Pension Spiking


Karen Tumulty writes in the Washington Post today that most public sector workers get fairly modest pensions:

What makes headlines, however, are the stories of workers who exploit the loopholes….Some public employees end up getting paid more in retirement than they did during their working years, thanks to pension-benefit formulas that encourage practices such as “spiking,” the inflation of salary and overtime payments in the final years before retirement.

“I’ve never understood why public employees themselves haven’t policed these abuses, because it hurts everyone when they come to light,” said Alicia Munnell, the director of Boston College’s Center for Retirement Research.
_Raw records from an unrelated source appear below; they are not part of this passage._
definition sphere :: "'a \<Rightarrow> 'a \<Rightarrow> nat \<Rightarrow> 'a list set" where
  "sphere y x k = {p \<in> branch y x. length p = k}"

definition branch_upto :: "'a \<Rightarrow> 'a \<Rightarrow> nat \<Rightarrow> 'a list set" where
  "branch_upto y x n = {p \<in> branch y x. length p \<le> n}"

lemma finite_tip_children: "finite (tip_children p)"
  by (simp add: tip_children_def finite_children)

lemma tip_children_snoc: "p \<noteq> [] \<Longrightarrow> tip_children (p @ [w]) = children w (last p)"
  by (simp add: tip_children_def nth_append last_conv_nth)

lemma branch_length: "p \<in> branch y x \<Longrightarrow> 2 \<le> length p"
  by (simp add: branch_def)

lemma branch_snoc_iff:
  assumes "p \<in> branch y x"
  shows "p @ [w] \<in> branch y x \<longleftrightarrow> w \<in> tip_children p"
proof -
  have p: "p \<in> nb_walks E y" "2 \<le> length p" "p ! 1 = x"
    using assms by (auto simp: branch_def)
  then have "(p @ [w]) ! 1 = p ! 1"
    by (simp add: nth_append)
  then show ?thesis
    using nb_walks_snoc_iff[OF p(1)] p by (auto simp: branch_def tip_children_def children_def)
qed

lemma branch_butlast:
  assumes "p \<in> branch y x" "3 \<le> length p"
  shows "butlast p \<in> branch y x" and "p = butlast p @ [last p]"
    and "last p \<in> tip_children (butlast p)"
proof -
  have p: "p \<in> nb_walks E y" "2 \<le> length p" "p ! 1 = x"
    using assms by (auto simp: branch_def)
  show bl: "butlast p \<in> branch y x"
    using nb_walks_butlast[OF p(1,2)] p assms(2) by (auto simp: branch_def nth_butlast)
  show p_eq: "p = butlast p @ [last p]"
    using p(2) by (cases p) auto
  show "last p \<in> tip_children (butlast p)"
    using branch_snoc_iff[OF bl, of "last p"] p_eq assms(1) by simp
qed

lemma branch_root: "E y x \<Longrightarrow> [y, x] \<in> branch y x"
  by (auto simp: branch_def nb_walks_def less_Suc_eq nth_Cons split: nat.splits)

lemma branch_length_two: "p \<in> branch y x \<Longrightarrow> length p = 2 \<Longrightarrow> p = [y, x]"
  by (auto simp: branch_def nb_walks_def numeral_2_eq_2 length_Suc_conv)

lemma branch_last_edge:
  assumes "p \<in> branch y x"
  shows "E (last p) (p ! (length p - 2))"
proof -
  have p: "p \<in> nb_walks E y" "2 \<le> length p"
    using assms by (auto simp: branch_def)
  then have "E (p ! (length p - 2)) (p ! Suc (length p - 2))"
    by (auto simp: nb_walks_def)
  moreover have "p \<noteq> []" "Suc (length p - 2) = length p - 1"
    using p(2) by auto
  ultimately show ?thesis
    using edge_sym by (simp add: last_conv_nth)
qed

lemma branch_adj_closed:
  assumes a: "a \<in> branch y x" and adj: "tree_adj E y a b" and "{a, b} \<noteq> {[y, x], [y]}"
  shows "b \<in> branch y x"
proof -
  have a_walk: "a \<in> nb_walks E y" "2 \<le> length a" "a ! 1 = x"
    using a by (auto simp: branch_def)
  have b_walk: "b \<in> nb_walks E y"
    using adj by (simp add: tree_adj_def)
  consider (ext) w where "b = a @ [w]" | (red) w where "a = b @ [w]"
    using adj by (auto simp: tree_adj_def)
  then show ?thesis
  proof cases
    case ext
    then show ?thesis using a_walk b_walk by (auto simp: branch_def nth_append)
  next
    case red
    show ?thesis
    proof (cases "length a = 2")
      case True
      then have "a = [y, x]"
        using branch_length_two a by blast
      then have "b = [y]"
        using red by (cases b) auto
      with \<open>a = [y, x]\<close> show ?thesis
        using \<open>{a, b} \<noteq> {[y, x], [y]}\<close> by simp
    next
      case False
      then show ?thesis using a_walk b_walk red by (auto simp: branch_def nth_append)
    qed
  qed
qed

lemma tree_branch_subset_branch:
  assumes "E y x"
  shows "tree_branch E y [y, x] [y] \<subseteq> branch y x"
proof
  fix q assume "q \<in> tree_branch E y [y, x] [y]"
  then have "(\<lambda>a b. tree_adj E y a b \<and> {a, b} \<noteq> {[y, x], [y]})\<^sup>*\<^sup>* [y, x] q"
    by (simp add: tree_branch_def)
  then show "q \<in> branch y x"
    by (induction rule: rtranclp_induct) (auto intro: branch_root[OF assms] branch_adj_closed)
qed

lemma branch_subset_tree_branch: "branch y x \<subseteq> tree_branch E y [y, x] [y]"
proof
  fix p assume "p \<in> branch y x"
  then show "p \<in> tree_branch E y [y, x] [y]"
  proof (induction "length p" arbitrary: p rule: less_induct)
    case less
    show ?case
    proof (cases "length p = 2")
      case True
      then show ?thesis
        using branch_length_two[OF less.prems] by (simp add: tree_branch_def)
    next
      case False
      then have long: "3 \<le> length p"
        using branch_length[OF less.prems] by simp
      note bl = branch_butlast[OF less.prems long]
      have "butlast p \<in> tree_branch E y [y, x] [y]"
        using less.hyps[OF _ bl(1)] long by simp
      moreover have "tree_adj E y (butlast p) p"
        using bl less.prems unfolding tree_adj_def branch_def by blast
      moreover have "{butlast p, p} \<noteq> {[y, x], [y]}"
        using long by (auto simp: doubleton_eq_iff)
      ultimately show ?thesis
        unfolding tree_branch_def by (simp add: rtranclp.rtrancl_into_rtrancl)
    qed
  qed
qed

lemma tree_branch_eq_branch: "E y x \<Longrightarrow> tree_branch E y [y, x] [y] = branch y x"
  using tree_branch_subset_branch branch_subset_tree_branch by blast

lemma branch_neighbours:
  assumes "p \<in> branch y x"
  shows "{q \<in> branch y x. tree_adj E y p q} =
         (\<lambda>w. p @ [w]) ` tip_children p \<union> (if 3 \<le> length p then {butlast p} else {})"
proof (intro set_eqI iffI)
  fix q assume q: "q \<in> {q \<in> branch y x. tree_adj E y p q}"
  then have q_branch: "q \<in> branch y x" by simp
  consider (ext) w where "q = p @ [w]" | (red) w where "p = q @ [w]"
    using q by (auto simp: tree_adj_def)
  then show "q \<in> (\<lambda>w. p @ [w]) ` tip_children p \<union> (if 3 \<le> length p then {butlast p} else {})"
  proof cases
    case ext
    then show ?thesis using branch_snoc_iff[OF assms] q_branch by auto
  next
    case red
    then show ?thesis using branch_length[OF q_branch] by simp
  qed
next
  fix q assume q: "q \<in> (\<lambda>w. p @ [w]) ` tip_children p \<union> (if 3 \<le> length p then {butlast p} else {})"
  have p_walk: "p \<in> nb_walks E y"
    using assms by (simp add: branch_def)
  show "q \<in> {q \<in> branch y x. tree_adj E y p q}"
  proof (cases "q \<in> (\<lambda>w. p @ [w]) ` tip_children p")
    case True
    then obtain w where w: "w \<in> tip_children p" "q = p @ [w]" by auto
    then have "q \<in> branch y x" using branch_snoc_iff[OF assms] by simp
    then show ?thesis using w p_walk by (auto simp: tree_adj_def branch_def)
  next
    case False
    then have long: "3 \<le> length p" and "q = butlast p"
      using q by (auto split: if_splits)
    then show ?thesis
      using branch_butlast[OF assms long] p_walk unfolding tree_adj_def branch_def by auto
  qed
qed
theorem mainTheorem2:
  fixes opn :: "string \<Rightarrow> bool"
    and csig :: "string \<Rightarrow> (ty list \<times> string) option"
    and E V :: tm and A :: ty
  assumes "restr E"
    and "has_ty opn csig Map.empty [] E A"
    and "eval E V"
  shows "has_ty opn csig Map.empty [] V A"
  using eval_preserves_has_ty(1)[OF assms(3,2) restr_imp_srestr(1)[OF assms(1)]] by simp

end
Last year, New York’s then-Attorney General Andrew Cuomo — now the governor — investigated pension-padding and found cases where government employees who had never worked overtime in the early years of their career clocked more than 1,000 hours of it as their retirement neared. Cuomo said the abuse transcended “occupation, region or job title.”

New York City Mayor Michael Bloomberg in January proposed banning the practice, but only for new employees. Unlike private employers, state and local governments are generally prohibited from changing the retirement benefits that they have already promised current workers.

Anyone who’s serious about pension abuse should focus like a laser on spiking. Unions are wrong to defend it, and if Democratic politicians back them up on it, then they deserve all the public abuse that Republicans are able to hang on them. It’s a bad practice and an indefensible one, and it ought to be an easy bipartisan target.

But I’m curious about the fact that “state and local governments are generally prohibited from changing the retirement benefits that they have already promised current workers.” It certainly makes sense that basic benefit levels can’t be changed once they’ve been agreed to and workers are counting on them, but can it really be the case that even something like spiking can’t be changed when contracts are up for renegotiation? Or at least limited? Is this due to state law, or is it something mandated by the courts? I’ll try to check into this.

In any case, surely states and local governments can crack down on this if they want to by simply not approving overtime for workers who are close to retirement? Or approving it only in limited amounts and with the approval of someone fairly high up the food chain? I’m not sure what would stop them from doing this. It’s a collective action problem, to be sure, but not an impossible one to address.